*What you need to do*:
Within the material below, transcribe exactly the lines from the one holding "unfolding shift by" through the one holding "unfolding g_def by (rule", keeping both ends and skipping the rest.

*Data for review*:
lemma integral_torus_box_translate_axis:
  fixes f :: "real^2 \<Rightarrow> 'b::banach"
  assumes cont: "continuous_on UNIV f" and per: "\<And>x. f (x + (2 * pi) *\<^sub>R axis i 1) = f x"
  shows "integral torus_box (\<lambda>x. f (x + c *\<^sub>R axis i 1)) = integral torus_box f"
proof -
  define c0 where "c0 = 2 * pi * frac (c / (2 * pi))"
  have c0: "0 \<le> c0" "c0 \<le> 2 * pi"
    unfolding c0_def by (simp_all add: less_imp_le[OF frac_lt_1])
  have "c = c0 + 2 * pi * of_int \<lfloor>c / (2 * pi)\<rfloor>"
    by (simp add: c0_def frac_def field_simps)
  then have shift: "x + c *\<^sub>R axis i 1
      = (x + c0 *\<^sub>R axis i 1) + (2 * pi * of_int \<lfloor>c / (2 * pi)\<rfloor>) *\<^sub>R axis i 1" for x :: "real^2"
    by (metis add.assoc scaleR_add_left)
  have "f (x + c *\<^sub>R axis i 1) = f (x + c0 *\<^sub>R axis i 1)" for x
    unfolding shift by (rule periodic_shift_int[where f = f and x = "x + c0 *\<^sub>R axis i 1", OF per])
  then have "integral torus_box (\<lambda>x. f (x + c *\<^sub>R axis i 1))
      = integral torus_box (\<lambda>x. f (x + c0 *\<^sub>R axis i 1))"
    by simp
  also have "\<dots> = integral torus_box f"
    using c0 by (intro integral_torus_box_translate_axis_le_period cont per)
  finally show ?thesis .
qed

lemma integral_torus_box_translate:
  fixes f :: "real^2 \<Rightarrow> 'b::banach"
  assumes cont: "continuous_on UNIV f" and per: "periodic_field f"
  shows "integral torus_box (\<lambda>x. f (x + c)) = integral torus_box f"
proof -
  define g where "g x = f (x + (c $ 2) *\<^sub>R axis 2 1)" for x
  have "c = (c $ 1) *\<^sub>R axis 1 1 + (c $ 2) *\<^sub>R axis 2 1"
    by (simp add: vec_eq_iff forall_2 axis_def)
  then have "f (x + c) = g (x + (c $ 1) *\<^sub>R axis 1 1)" for x
    unfolding g_def by (metis add.assoc)
  then have "integral torus_box (\<lambda>x. f (x + c)) = integral torus_box (\<lambda>x. g (x + (c $ 1) *\<^sub>R axis 1 1))"
    by simp
  also have "\<dots> = integral torus_box g"
  proof (rule integral_torus_box_translate_axis)
    show "continuous_on UNIV g"
      unfolding g_def by (rule continuous_on_compose2[OF cont]) (auto intro!: continuous_intros)
    have "x + (2 * pi) *\<^sub>R axis 1 1 + (c $ 2) *\<^sub>R axis 2 1
        = (x + (c $ 2) *\<^sub>R axis 2 1) + (2 * pi) *\<^sub>R axis 1 1" for x :: "real^2"
      by (simp add: algebra_simps)
    then show "g (x + (2 * pi) *\<^sub>R axis 1 1) = g x" for x
      using per unfolding g_def periodic_field_def by metis
  qed
  also have "\<dots> = integral torus_box f"
    using per unfolding g_def periodic_field_def by (intro integral_torus_box_translate_axis cont) auto
  finally show ?thesis .
qed
(* For $N\ge2$ let $x_{N,k}=k/N$ and $\lambda_{N,k}=\frac{1}{2(N-1)}$ for $k=1,\dots,N-1$, and $x_{N,N}=2$, $\lambda_{N,N}=\frac12$. Let $V_{N,1},\dots,V_{N,N}$ solve the deterministic system $$\frac{d}{dt}V_{N,k}(t)=\sum_{j\neq k}\frac{2(\lambda_{N,k}+\lambda_{N,j})}{V_{N,k}(t)-V_{N,j}(t)},\qquad V_{N,k}(0)=x_{N,k},$$ and let $\alpha_{N,t}=\sum_{k=1}^N\lambda_{N,k}\delta_{V_{N,k}(t)}$. Then for every $T>0$ the sequence $\{\alpha_{N,\cdot}\}_N$ is not tight in $\mathcal M(T)$.
   Context: $\mathcal M(T)=C([0,T],\mathcal P(\mathbb R))$ with the topology of uniform convergence, where $\mathcal P(\mathbb R)$ is the space of probability measures on $\mathbb R$ with the topology of weak convergence (Lévy–Prokhorov metric). A sequence in $\mathcal M(T)$ is tight if it has a subsequence converging in distribution (for deterministic elements: a convergent subsequence). *)

theory Defs
  imports "HOL-Probability.Probability"
begin

definition prob_measures_R :: "real measure set" where
  "prob_measures_R = {M. sets M = sets borel \<and> prob_space M}"

definition eps_nbhd :: "real \<Rightarrow> real set \<Rightarrow> real set" where
  "eps_nbhd e A = {y. \<exists>x\<in>A. dist y x < e}"

definition lp_dist :: "real measure \<Rightarrow> real measure \<Rightarrow> real" where
  "lp_dist M N = Inf {e. e > 0 \<and> (\<forall>A\<in>sets borel.
       measure M A \<le> measure N (eps_nbhd e A) + e \<and>
       measure N A \<le> measure M (eps_nbhd e A) + e)}"

text \<open>The space M(T) = C([0,T], P(R)) with the Levy--Prokhorov metric.\<close>
definition path_space :: "real \<Rightarrow> (real \<Rightarrow> real measure) set" where
  "path_space T = {\<alpha>. (\<forall>t\<in>{0..T}. \<alpha> t \<in> prob_measures_R) \<and>
     (\<forall>t\<in>{0..T}. \<forall>e>0. \<exists>d>0. \<forall>s\<in>{0..T}. \<bar>s - t\<bar> < d \<longrightarrow> lp_dist (\<alpha> s) (\<alpha> t) < e)}"

text \<open>A deterministic sequence in M(T) is tight iff it has a subsequence converging
  uniformly on [0,T] (in the Levy--Prokhorov metric) to an element of M(T).\<close>
definition tight_MT :: "real \<Rightarrow> (nat \<Rightarrow> real \<Rightarrow> real measure) \<Rightarrow> bool" where
  "tight_MT T \<beta> \<longleftrightarrow> (\<exists>r \<alpha>. strict_mono r \<and> \<alpha> \<in> path_space T \<and>
     (\<forall>e>0. \<forall>\<^sub>F n in sequentially. \<forall>t\<in>{0..T}. lp_dist (\<beta> (r n) t) (\<alpha> t) < e))"

definition weighted_dirac :: "nat set \<Rightarrow> (nat \<Rightarrow> real) \<Rightarrow> (nat \<Rightarrow> real) \<Rightarrow> real measure" where
  "weighted_dirac I w x = measure_of UNIV (sets borel)
     (\<lambda>A. \<Sum>k\<in>I. ennreal (w k) * indicator A (x k))"

definition x0 :: "nat \<Rightarrow> nat \<Rightarrow> real" where
  "x0 N k = (if k = N then 2 else real k / real N)"

definition lam :: "nat \<Rightarrow> nat \<Rightarrow> real" where
  "lam N k = (if k = N then 1/2 else 1 / (2 * (real N - 1)))"

end

theory Submission
  imports Defs
begin

text \<open>The coefficients 2 (lambda_k + lambda_j) are symmetric, so the sum of the positions is
  conserved, and by continuity the heavy particle stays to the right of all light ones. The gap
  sum u = sum_j (V_N - V_j) satisfies u' = N V_N' >= N (N - 1)^2 / u by AM--HM, hence
  u(t)^2 >= 2 N (N - 1)^2 t, and since u <= N V_N this gives V_N(t) >= sqrt (N t / 2).
  So at time T an atom of mass 1/2 escapes to infinity, which keeps alpha_{N,T} at
  Levy--Prokhorov distance at least 1/4 from any fixed probability measure for all large N.\<close>

lemma has_real_derivative_nonneg_imp_le:
  fixes f f' :: "real \<Rightarrow> real"
  assumes deriv: "\<And>t. t \<ge> 0 \<Longrightarrow> (f has_real_derivative f' t) (at t within {0..})"
    and nonneg: "\<And>t. t \<ge> 0 \<Longrightarrow> f' t \<ge> 0" and "T \<ge> 0"
  shows "f 0 \<le> f T"
proof (rule DERIV_nonneg_imp_increasing_open[OF \<open>T \<ge> 0\<close>])
  fix x :: real assume x: "0 < x" "x < T"
  have "(f has_real_derivative f' x) (at x within {0<..})"
    by (rule DERIV_subset[OF deriv]) (use x in auto)
  then have "DERIV f x :> f' x"
    using at_within_open[of x "{0<..}"] x by auto
  then show "\<exists>y. DERIV f x :> y \<and> 0 \<le> y"
    using nonneg[of x] x by auto
next
  show "continuous_on {0..T} f"
    unfolding continuous_on_eq_continuous_within
  proof
    fix x assume "x \<in> {0..T}"
    then have "continuous (at x within {0..}) f"
      using DERIV_continuous[OF deriv[of x]] by auto
    then show "continuous (at x within {0..T}) f"
      by (rule continuous_within_subset) auto
  qed
qed

lemma card_sq_le_sum_mult_sum_inverse:
  fixes d :: "'a \<Rightarrow> real"
  assumes "finite J" "\<And>j. j \<in> J \<Longrightarrow> d j > 0"
  shows "real (card J) ^ 2 \<le> (\<Sum>j\<in>J. d j) * (\<Sum>j\<in>J. 1 / d j)"
proof -
  have pair: "2 \<le> d j / d k + d k / d j" if "j \<in> J" "k \<in> J" for j k
  proof -
    have p: "d j > 0" "d k > 0" using assms that by auto
    have "d j / d k + d k / d j - 2 = (d j - d k)^2 / (d j * d k)"
      using p by (simp add: field_simps power2_eq_square)
    also have "\<dots> \<ge> 0" using p by simp
    finally show ?thesis by linarith
  qed
  have "(\<Sum>j\<in>J. d j) * (\<Sum>j\<in>J. 1 / d j) = (\<Sum>k\<in>J. \<Sum>j\<in>J. d j / d k)"
    unfolding sum_distrib_right sum_distrib_left by simp
  also have "\<dots> = (\<Sum>k\<in>J. \<Sum>j\<in>J. d j / d k + d k / d j) / 2"
    using sum.swap[of "\<lambda>k j. d j / d k" J J] by (simp add: sum.distrib)
  also have "\<dots> \<ge> (\<Sum>k\<in>J. \<Sum>j\<in>J. 2) / 2"
    by (intro divide_right_mono sum_mono pair) auto
  finally show ?thesis
    by (simp add: power2_eq_square)
qed

lemma sum_antisymmetric_quotients_eq_0:
  fixes v :: "'a \<Rightarrow> real" and c :: "'a \<Rightarrow> 'a \<Rightarrow> real"
  assumes "finite I" and sym: "\<And>k j. c k j = c j k"
  shows "(\<Sum>k\<in>I. \<Sum>j\<in>I - {k}. c k j / (v k - v j)) = 0"
proof -
  let ?S = "\<Sum>k\<in>I. \<Sum>j\<in>I. c k j / (v k - v j)"
  have "(\<Sum>k\<in>I. \<Sum>j\<in>I - {k}. c k j / (v k - v j)) = ?S"
    using assms(1) by (intro sum.cong[OF refl]) (simp add: sum_diff1)
  moreover have "?S = (\<Sum>j\<in>I. \<Sum>k\<in>I. c k j / (v k - v j))"
    by (rule sum.swap)
  moreover have "\<dots> = - ?S"
    by (simp add: sum_negf[symmetric] sym, intro sum.cong refl,
        metis minus_diff_eq minus_divide_right)
  ultimately show ?thesis by linarith
qed

locale heavy_particle_system =
  fixes N :: nat and v :: "nat \<Rightarrow> real \<Rightarrow> real"
  assumes N_ge_2: "N \<ge> 2"
    and distinct: "\<And>k j t. k \<in> {1..N} \<Longrightarrow> j \<in> {1..N} \<Longrightarrow> j \<noteq> k \<Longrightarrow> t \<ge> 0 \<Longrightarrow>
                     v k t \<noteq> v j t"
    and ode: "\<And>k t. k \<in> {1..N} \<Longrightarrow> t \<ge> 0 \<Longrightarrow>
               (v k has_real_derivative
                  (\<Sum>j\<in>{1..N} - {k}. 2 * (lam N k + lam N j) / (v k t - v j t)))
                 (at t within {0..})"
    and init: "\<And>k. k \<in> {1..N} \<Longrightarrow> v k 0 = x0 N k"
begin

definition drift :: "nat \<Rightarrow> real \<Rightarrow> real" where
  "drift k t = (\<Sum>j\<in>{1..N} - {k}. 2 * (lam N k + lam N j) / (v k t - v j t))"

definition gap_sum :: "real \<Rightarrow> real" where
  "gap_sum t = (\<Sum>j\<in>{1..N-1}. v N t - v j t)"

lemma has_real_derivative_drift:
  "k \<in> {1..N} \<Longrightarrow> t \<ge> 0 \<Longrightarrow> (v k has_real_derivative drift k t) (at t within {0..})"
  unfolding drift_def by (rule ode)

lemma heavy_index: "N \<in> {1..N}" and light_indices: "{1..N} - {N} = {1..N-1}"
  using N_ge_2 by auto

lemma sum_split_heavy: "(\<Sum>k\<in>{1..N}. f k) = f N + (\<Sum>k\<in>{1..N-1}. f k)"
  using sum.remove[OF _ heavy_index, of f] unfolding light_indices by simp

lemma continuous_on_position: "k \<in> {1..N} \<Longrightarrow> continuous_on {0..} (v k)"
  unfolding continuous_on_eq_continuous_within
  using DERIV_continuous[OF has_real_derivative_drift] by auto

lemma light_below_heavy:
  assumes j: "j \<in> {1..N-1}" and t: "t \<ge> 0"
  shows "v j t < v N t"
proof (rule ccontr)
  assume "\<not> v j t < v N t"
  then have "v N t - v j t \<le> 0" by simp
  have j': "j \<in> {1..N}" "j \<noteq> N" using j by auto
  have "continuous_on {0..t} (\<lambda>s. v N s - v j s)"
    by (intro continuous_on_diff continuous_on_subset[OF continuous_on_position]
        heavy_index j'(1)) auto
  moreover have "v j 0 < v N 0"
  proof -
    have "j < N" using j N_ge_2 by auto
    then have "real j / real N < 1" by simp
    then show ?thesis using init[OF heavy_index] init[OF j'(1)] j'(2) by (simp add: x0_def)
  qed
  ultimately obtain s where "0 \<le> s" "s \<le> t" "v N s - v j s = 0"
    using IVT2'[of "\<lambda>s. v N s - v j s" t 0 0] \<open>v N t - v j t \<le> 0\<close> t by auto
  then show False
    using distinct[OF heavy_index j'(1)] j'(2) by auto
qed

lemma sum_drift_eq_0: "(\<Sum>k\<in>{1..N}. drift k t) = 0"
  unfolding drift_def
  by (rule sum_antisymmetric_quotients_eq_0) (auto simp: add.commute)

lemma sum_positions_const:
  assumes "t \<ge> 0"
  shows "(\<Sum>k\<in>{1..N}. v k t) = (\<Sum>k\<in>{1..N}. x0 N k)"
proof -
  have "((\<lambda>s. \<Sum>k\<in>{1..N}. v k s) has_real_derivative 0) (at s within {0..})" if "s \<ge> 0" for s
  proof -
    have "((\<lambda>s. \<Sum>k\<in>{1..N}. v k s) has_real_derivative (\<Sum>k\<in>{1..N}. drift k s)) (at s within {0..})"
      by (rule DERIV_sum) (use has_real_derivative_drift that in auto)
    then show ?thesis unfolding sum_drift_eq_0 .
  qed
  then obtain c where "\<forall>s\<in>{0..}. (\<Sum>k\<in>{1..N}. v k s) = c"
    using has_field_derivative_zero_constant[of "{0..}" "\<lambda>s. \<Sum>k\<in>{1..N}. v k s"] by auto
  then have "(\<Sum>k\<in>{1..N}. v k t) = (\<Sum>k\<in>{1..N}. v k 0)"
    using assms by simp
  also have "\<dots> = (\<Sum>k\<in>{1..N}. x0 N k)"
    by (rule sum.cong) (simp_all add: init)
  finally show ?thesis .
qed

*Task result*:
    unfolding shift by (rule periodic_shift_int[where f = f and x = "x + c0 *\<^sub>R axis i 1", OF per])
  then have "integral torus_box (\<lambda>x. f (x + c *\<^sub>R axis i 1))
      = integral torus_box (\<lambda>x. f (x + c0 *\<^sub>R axis i 1))"
    by simp
  also have "\<dots> = integral torus_box f"
    using c0 by (intro integral_torus_box_translate_axis_le_period cont per)
  finally show ?thesis .
qed

lemma integral_torus_box_translate:
  fixes f :: "real^2 \<Rightarrow> 'b::banach"
  assumes cont: "continuous_on UNIV f" and per: "periodic_field f"
  shows "integral torus_box (\<lambda>x. f (x + c)) = integral torus_box f"
proof -
  define g where "g x = f (x + (c $ 2) *\<^sub>R axis 2 1)" for x
  have "c = (c $ 1) *\<^sub>R axis 1 1 + (c $ 2) *\<^sub>R axis 2 1"
    by (simp add: vec_eq_iff forall_2 axis_def)
  then have "f (x + c) = g (x + (c $ 1) *\<^sub>R axis 1 1)" for x
    unfolding g_def by (metis add.assoc)
  then have "integral torus_box (\<lambda>x. f (x + c)) = integral torus_box (\<lambda>x. g (x + (c $ 1) *\<^sub>R axis 1 1))"
    by simp
  also have "\<dots> = integral torus_box g"
  proof (rule integral_torus_box_translate_axis)
    show "continuous_on UNIV g"
      unfolding g_def by (rule continuous_on_compose2[OF cont]) (auto intro!: continuous_intros)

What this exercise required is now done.